Token stored in `<data-dir>/strava_token.json`; `last_sync_at` tracks incremental syncs.
- **`bincio/edit/server.py`** — three new endpoints:
- `GET /api/strava/status` — returns `{configured, connected, last_sync}` for the UI
- `GET /api/strava/auth-url` — returns the OAuth URL for the popup window
- `GET /api/strava/callback` — exchanges auth code, saves token, redirects to site with `?strava=connected`
- `POST /api/strava/sync` — fetches activities since `last_sync_at`, runs extract pipeline,
updates `index.json`, runs `merge_all()`, and updates `last_sync_at` in the token file
- **`bincio/edit/cli.py`** — `--strava-client-id` and `--strava-client-secret` flags added
(also read from `STRAVA_CLIENT_ID` / `STRAVA_CLIENT_SECRET` env vars). Strava sync is
disabled (endpoints return 400) when credentials are not provided.
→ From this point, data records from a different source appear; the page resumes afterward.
lemma kantorovich_error:
  assumes g: "continuous_on {0..1} g" and y: "y \<in> {0..1}"
  shows "\<bar>kantorovich n g y - g y\<bar>
    \<le> 7/4 * (1 + 1 / (real n + 1)) * modc g (1 / sqrt (real n + 1))"
proof -
  define c where "c = real (n+1)"
  define \<omega> where "\<omega> = modc g (1 / sqrt c)"
  define I where "I k = c * integral {real k / c .. real (k+1) / c} g" for k
  have c: "c > 0" and "real n = c - 1" and \<omega>: "\<omega> \<ge> 0"
    using modc_nonneg[OF g] by (simp_all add: c_def \<omega>_def)
  have B: "Bernstein n k y \<ge> 0" for k
    using y by (simp add: Bernstein_nonneg)
  have "kantorovich n g y - g y = (\<Sum>k\<le>n. Bernstein n k y * (I k - g y))"
    by (simp add: kantorovich_def I_def c_def right_diff_distrib sum_subtractf
        flip: sum_distrib_right)
  then have "\<bar>kantorovich n g y - g y\<bar> \<le> (\<Sum>k\<le>n. Bernstein n k y * \<bar>I k - g y\<bar>)"
    using B sum_abs[of "\<lambda>k. Bernstein n k y * (I k - g y)" "{..n}"] by (simp add: abs_mult)
  also have "\<dots> \<le> (\<Sum>k\<le>n. Bernstein n k y * ((3/2 + 1/c + (real k - c * y)\<^sup>2 / c) * \<omega>))"
    using kantorovich_cell_error[OF g y] B
    by (intro sum_mono mult_left_mono) (simp_all add: I_def c_def \<omega>_def)
  also have "\<dots> = (3/2 + 1/c) * \<omega> * (\<Sum>k\<le>n. Bernstein n k y)
      + \<omega> / c * (\<Sum>k\<le>n. Bernstein n k y * (real k - c * y)\<^sup>2)"
  proof -
    have "Bernstein n k y * ((3/2 + 1/c + (real k - c * y)\<^sup>2 / c) * \<omega>)
        = (3/2 + 1/c) * \<omega> * Bernstein n k y + \<omega> / c * (Bernstein n k y * (real k - c * y)\<^sup>2)" for k
      by (simp add: algebra_simps)
    then show ?thesis
      by (simp only: sum.distrib flip: sum_distrib_left)
  qed
  also have "\<dots> = ((3/2 + 1/c) + (real n * y * (1 - y) + y\<^sup>2) / c) * \<omega>"
    unfolding sum_Bernstein c_def sum_Bernstein_sq_deviation by (simp add: field_simps)
  also have "\<dots> \<le> 7/4 * (1 + 1/c) * \<omega>"
  proof (rule mult_right_mono[OF _ \<omega>])
    have "y * (1 - y) \<le> 1/4"
      using zero_le_power2[of "y - 1/2"] by (simp add: power2_eq_square algebra_simps)
    then have "real n * (y * (1 - y)) \<le> real n * (1/4)"
      by (intro mult_left_mono) auto
    moreover have "y\<^sup>2 \<le> 1"
      using y by (simp add: power_le_one)
    ultimately have "real n * y * (1 - y) + y\<^sup>2 \<le> real n * (1/4) + 1"
      unfolding mult.assoc by linarith
    then have "(3/2 + 1/c) + (real n * y * (1 - y) + y\<^sup>2) / c
        \<le> (3/2 + 1/c) + (real n * (1/4) + 1) / c"
      using c by (simp add: divide_right_mono)
    also have "\<dots> = 7/4 * (1 + 1/c)"
      using c by (simp add: \<open>real n = c - 1\<close> field_simps)
    finally show "(3/2 + 1/c) + (real n * y * (1 - y) + y\<^sup>2) / c \<le> 7/4 * (1 + 1/c)" .
  qed
  finally show ?thesis by (simp add: c_def \<omega>_def add.commute)
qed

lemma kantorovich_error_le:
  assumes "continuous_on {0..1} g" and "y \<in> {0..1}" and "n \<ge> 2"
  shows "\<bar>kantorovich n g y - g y\<bar>
    \<le> modc g (1 / sqrt (real n + 1)) * (1 + 1 / (2 * sqrt (real n + 1)) + sqrt 2)"
proof -
  have "4/3 \<le> sqrt 2"
    by (rule real_le_rsqrt) (simp add: power2_eq_square)
  moreover have "7/4 * (1 + 1 / (real n + 1)) \<le> 7/3"
    using \<open>n \<ge> 2\<close> by (simp add: field_simps)
  moreover have "0 \<le> 1 / (2 * sqrt (real n + 1))"
    by simp
  ultimately have "7/4 * (1 + 1 / (real n + 1)) \<le> 1 + 1 / (2 * sqrt (real n + 1)) + sqrt 2"
    by linarith
  then have "7/4 * (1 + 1 / (real n + 1)) * modc g (1 / sqrt (real n + 1))
      \<le> (1 + 1 / (2 * sqrt (real n + 1)) + sqrt 2) * modc g (1 / sqrt (real n + 1))"
    by (intro mult_right_mono modc_nonneg[OF assms(1)]) auto
  with kantorovich_error[OF assms(1,2), of n] show ?thesis
    by (simp only: mult.commute)
qed

lemma a_seq_mem_unit_interval:
  assumes "\<mu> > -1" and "m > 0" and x: "x \<in> {0..1}"
  shows "a_seq \<mu> m x \<in> {0..1}"
proof -
  define d where "d = real m * (1 + \<mu>)"
  have d: "d > 0" using assms by (simp add: d_def)
  have "0 < ln (1 + 1 / d)" and "0 \<le> ln (1 + x / d)"
    using d x by (simp_all add: ln_gt_zero ln_ge_zero)
  moreover have "ln (1 + x / d) \<le> ln (1 + 1 / d)"
    using d x by (simp add: divide_right_mono add_pos_nonneg)
  ultimately show ?thesis
    by (simp add: a_seq_def d_def[symmetric] divide_le_eq)
qed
- **`site/src/layouts/Base.astro`** — upload modal redesigned with a "choose source" screen:
two buttons — "Upload file" (existing drag-and-drop) and "Sync from Strava". Strava button
shows "Not configured" when the server lacks credentials, or opens an OAuth popup window.
After connecting, a "Sync now" button triggers the sync and reloads the feed on import.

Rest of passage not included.